Last year I called in an unconscious person at Gov. Center LRT in the morning. Came back later that day and they were still there! Don't know if anyone even came to check on them in the time between.
 
According to my friends at EPS, yes indeed the first call to anybody, whether a fentanyl huncher attempting suicide or any other reason is to the Fire Dept. The EPS are “supposed” to administer Naloxone but rarely do as it is technically “not their job,” spoken line true Union members….lol.
 
According to my friends at EPS, yes indeed the first call to anybody, whether a fentanyl huncher attempting suicide or any other reason is to the Fire Dept. The EPS are “supposed” to administer Naloxone but rarely do as it is technically “not their job,” spoken line true Union members….lol.
So its the Fire Department's job instead? I guess their union must be more easy going.
 
Overkill at responding to ODs is not a good use of taxpayers' money.
I understand how the Fire Department gets drawn into this. Fires are not common, but they have to be ready to respond and quickly, so they are basically replacing, duplicating or supplementing the medical responders.

However, this can be detrimental. For instance what if they get a call to a medical incident which they are responding to and a fire happens and they are delayed in responding to that?
 
On Friday I had to call Transit Watch twice within an hour for two different situations at the top of stairs of Bay LRT on 104st south of Jasper.

1. 3 individuals smoking and blocking the stairs, definitely NOT transit users who would have made that passing very uncomfortable for actual users.
2. a guy totally out of his mind yelling at transit users and who the F knows what his motivation was, but I had to literally drag him out and away from trying to grab people.

It's unfortunate that these situations occur FAR too regularly in this (and other) spots and really would push casual users away from taking transit.

The good news is that for scenario #1 they showed up relatively quickly and kicked them out, but how at rush hour do we not have more officers doing this at main stations without having to call on a regular basis.

Alas.
 
On Friday I had to call Transit Watch twice within an hour for two different situations at the top of stairs of Bay LRT on 104st south of Jasper.

1. 3 individuals smoking and blocking the stairs, definitely NOT transit users who would have made that passing very uncomfortable for actual users.
2. a guy totally out of his mind yelling at transit users and who the F knows what his motivation was, but I had to literally drag him out and away from trying to grab people.

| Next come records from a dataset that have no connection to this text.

lemma extinction_prob_le_1: "extinction_prob p q n s \<le> 1"
  using stopped_expectation_mono [OF pq, of "indicator {0}" "\<lambda>_. 1" n s]
  by (simp add: extinction_prob_def stopped_expectation_const indicator_def)

lemma extinction_prob_antimono:
  "fst s \<le> fst s' \<Longrightarrow> snd s \<le> snd s' \<Longrightarrow> extinction_prob p q n s' \<le> extinction_prob p q n s"
proof (induction n arbitrary: s s')
  case 0
  then show ?case by (auto simp: extinction_prob_0)
next
  case (Suc n)
  show ?case
  proof (cases "min (fst s) (snd s) = 0")
    case True
    then show ?thesis using extinction_prob_le_1 [of "Suc n" s'] by (simp add: extinction_prob_Suc)
  next
    case False
    with Suc.prems have "min (fst s') (snd s') \<noteq> 0" by auto
    then have "extinction_prob p q (Suc n) s' = coop_step_expectation p q s' (extinction_prob p q n)"
      by (simp add: extinction_prob_Suc)
    also have "\<dots> \<le> coop_step_expectation p q s (extinction_prob p q n)"
      unfolding coop_step_expectation_def using Suc.prems
      by (intro binomial_pair_expectation_antimono_trials pq Suc.IH) auto
    also have "\<dots> = extinction_prob p q (Suc n) s"
      using False by (simp add: extinction_prob_Suc)
    finally show ?thesis .
  qed
qed

text \<open>Two independent processes started from \<open>s\<^sub>1\<close> and \<open>s\<^sub>2\<close> are dominated by one
  started from \<open>s\<^sub>1 + s\<^sub>2\<close>, since \<open>min\<close> is superadditive.\<close>
lemma extinction_prob_add_le_mult:
  "extinction_prob p q n (fst s1 + fst s2, snd s1 + snd s2)
   \<le> extinction_prob p q n s1 * extinction_prob p q n s2"
proof (induction n arbitrary: s1 s2)
  case 0
  then show ?case by (auto simp: extinction_prob_0)
next
  case (Suc n)
  let ?s = "(fst s1 + fst s2, snd s1 + snd s2)"
  let ?E = "extinction_prob p q n"
  consider "min (fst s1) (snd s1) = 0" | "min (fst s2) (snd s2) = 0"
    | "min (fst s1) (snd s1) \<noteq> 0" "min (fst s2) (snd s2) \<noteq> 0"
    by blast
  then show ?case
  proof cases
    case 1
    then show ?thesis
      using extinction_prob_antimono [of s2 ?s "Suc n"] by (simp add: extinction_prob_Suc)
  next
    case 2
    then show ?thesis
      using extinction_prob_antimono [of s1 ?s "Suc n"] by (simp add: extinction_prob_Suc)
  next
    case 3
    define a1 a2 b1 b2 where "a1 = 2 * (fst s1 + snd s1)" and "a2 = 2 * (fst s2 + snd s2)"
      and "b1 = 2 * min (fst s1) (snd s1)" and "b2 = 2 * min (fst s2) (snd s2)"
    have "extinction_prob p q (Suc n) ?s
          = binomial_pair_expectation (a1 + a2) q (2 * min (fst ?s) (snd ?s)) p ?E"
      using 3 by (simp add: extinction_prob_Suc coop_step_expectation_def a1_def a2_def algebra_simps)
    also have "\<dots> \<le> binomial_pair_expectation (a1 + a2) q (b1 + b2) p ?E"
      by (intro binomial_pair_expectation_antimono_trials pq extinction_prob_antimono)
        (auto simp: b1_def b2_def min_def)
    also have "\<dots> = binomial_pair_expectation a1 q b1 p
                      (\<lambda>t. binomial_pair_expectation a2 q b2 p (\<lambda>u. ?E (fst t + fst u, snd t + snd u)))"
      by (rule binomial_pair_expectation_add_trials)
    also have "\<dots> \<le> binomial_pair_expectation a1 q b1 p
                      (\<lambda>t. binomial_pair_expectation a2 q b2 p (\<lambda>u. ?E t * ?E u))"
      by (intro binomial_pair_expectation_mono pq Suc.IH)
    also have "\<dots> = extinction_prob p q (Suc n) s1 * extinction_prob p q (Suc n) s2"
      using 3 by (simp add: binomial_pair_expectation_cmult binomial_pair_expectation_multc
          extinction_prob_Suc coop_step_expectation_def a1_def a2_def b1_def b2_def)
    finally show ?thesis .
  qed
qed

lemma extinction_prob_le_power_min:
  "extinction_prob p q n s \<le> extinction_prob p q n (1, 1) ^ min (fst s) (snd s)"
proof -
  have diagonal: "extinction_prob p q n (z, z) \<le> extinction_prob p q n (1, 1) ^ z" for z
  proof (induction z)
    case 0
    then show ?case using extinction_prob_le_1 by simp
  next
    case (Suc z)
    have "extinction_prob p q n (Suc z, Suc z)
          \<le> extinction_prob p q n (1, 1) * extinction_prob p q n (z, z)"
      using extinction_prob_add_le_mult [of n "(1, 1)" "(z, z)"] by simp
    also have "\<dots> \<le> extinction_prob p q n (1, 1) ^ Suc z"
      using Suc.IH by (simp add: mult_left_mono extinction_prob_nonneg)
    finally show ?case .
  qed
  have "extinction_prob p q n s \<le> extinction_prob p q n (min (fst s) (snd s), min (fst s) (snd s))"
    by (rule extinction_prob_antimono) auto
  then show ?thesis using diagonal order_trans by blast
qed

lemma extinction_prob_add_le_stopped_expectation:
  "extinction_prob p q (N + n) s \<le> stopped_expectation p q N (\<lambda>z. extinction_prob p q n (1, 1) ^ z) s"
proof (induction N arbitrary: s)
  case 0
  then show ?case using extinction_prob_le_power_min by simp
next
  case (Suc N)
  then show ?case
    by (auto simp: extinction_prob_Suc coop_step_expectation_def
        intro!: binomial_pair_expectation_mono pq)
qed

lemma stopped_expectation_le_extinction_prob_Suc:
  "stopped_expectation p q N (\<lambda>z. (1 - p) ^ (2 * z)) s \<le> extinction_prob p q (Suc N) s"
proof (induction N arbitrary: s)
  case 0
  show ?case
  proof (cases "min (fst s) (snd s) = 0")
    case False
    let ?a = "2 * (fst s + snd s)" and ?b = "2 * min (fst s) (snd s)"
    have "(1 - p) ^ ?b = binomial_pair_expectation ?a q ?b p (\<lambda>t. indicator {0} (snd t))"
      by (simp add: binomial_pair_expectation_def binomial_expectation_indicator_0
          binomial_expectation_const)
    also have "\<dots> \<le> binomial_pair_expectation ?a q ?b p (extinction_prob p q 0)"
      by (intro binomial_pair_expectation_mono pq) (auto simp: extinction_prob_0 indicator_def)
    finally show ?thesis using False by (simp add: extinction_prob_Suc coop_step_expectation_def)
  qed (auto simp: extinction_prob_Suc)
next
  case (Suc N)
  show ?case
  proof (cases "min (fst s) (snd s) = 0")
    case False
    have "coop_step_expectation p q s (stopped_expectation p q N (\<lambda>z. (1 - p) ^ (2 * z)))
          \<le> coop_step_expectation p q s (extinction_prob p q (Suc N))"
      unfolding coop_step_expectation_def by (intro binomial_pair_expectation_mono pq Suc.IH)
    then show ?thesis using False by (simp add: extinction_prob_Suc [of p q "Suc N"])
  qed (simp add: extinction_prob_Suc)
qed

lemma extinction_prob_mono: "m \<le> n \<Longrightarrow> extinction_prob p q m s \<le> extinction_prob p q n s"
proof (rule lift_Suc_mono_le)
  fix n
  have "extinction_prob p q n s \<le> stopped_expectation p q n (\<lambda>z. (1 - p) ^ (2 * z)) s"
    unfolding extinction_prob_def using pq
    by (intro stopped_expectation_mono pq) (auto simp: indicator_def)
  also have "\<dots> \<le> extinction_prob p q (Suc n) s"
    by (rule stopped_expectation_le_extinction_prob_Suc)
  finally show "extinction_prob p q n s \<le> extinction_prob p q (Suc n) s" .
qed

text \<open>\<open>t \<mapsto> stopped_expectation p q N (\<lambda>z. t ^ z) s\<close> is the probability generating
  function of \<open>Z\<^bsub>min N \<tau>\<^esub>\<close> under \<open>\<bbbP>\<^sup>s\<close>.\<close>
lemma extinction_prob_le_if_pgf_below_diagonal:
  assumes "0 \<le> t" "t < 1" and below: "stopped_expectation p q N (\<lambda>z. t ^ z) (1, 1) < t"
  shows "extinction_prob p q n (1, 1) \<le> t"
proof -
  have "N \<noteq> 0" using below by (cases N) auto
  have multiple: "extinction_prob p q (k * N) (1, 1) \<le> t" for k
  proof (induction k)
    case 0
    then show ?case using \<open>0 \<le> t\<close> by (simp add: extinction_prob_0)
  next
    case (Suc k)
    have "extinction_prob p q (N + k * N) (1, 1)
          \<le> stopped_expectation p q N (\<lambda>z. extinction_prob p q (k * N) (1, 1) ^ z) (1, 1)"
      by (rule extinction_prob_add_le_stopped_expectation)
    also have "\<dots> \<le> stopped_expectation p q N (\<lambda>z. t ^ z) (1, 1)"
      using Suc.IH by (intro stopped_expectation_mono pq power_mono extinction_prob_nonneg)
    finally show ?case using below by simp
  qed
  have "extinction_prob p q n (1, 1) \<le> extinction_prob p q (n * N) (1, 1)"
    using \<open>N \<noteq> 0\<close> by (intro extinction_prob_mono) simp
  then show ?thesis using multiple [of n] by simp
qed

It's unfortunate that these situations occur FAR too regularly in this (and other) spots and really would push casual users away from taking transit.

The good news is that for scenario #1 they showed up relatively quickly and kicked them out, but how at rush hour do we not have more officers doing this at main stations without having to call on a regular basis.

Alas.
These are the worst stairs in the whole city, I'm convinced. I don't even bother using them anymore. I think it's because the glass is just far back enough from Jasper street view.
 
My issue is that even though they just replaced all of the glass, it is warm moist air from below and so it makes the panels opaque and people hide just inside the doors.

It's CPTED 101 and I've brought it up to various ETS, EPS, PO folk and it falls on deaf ears.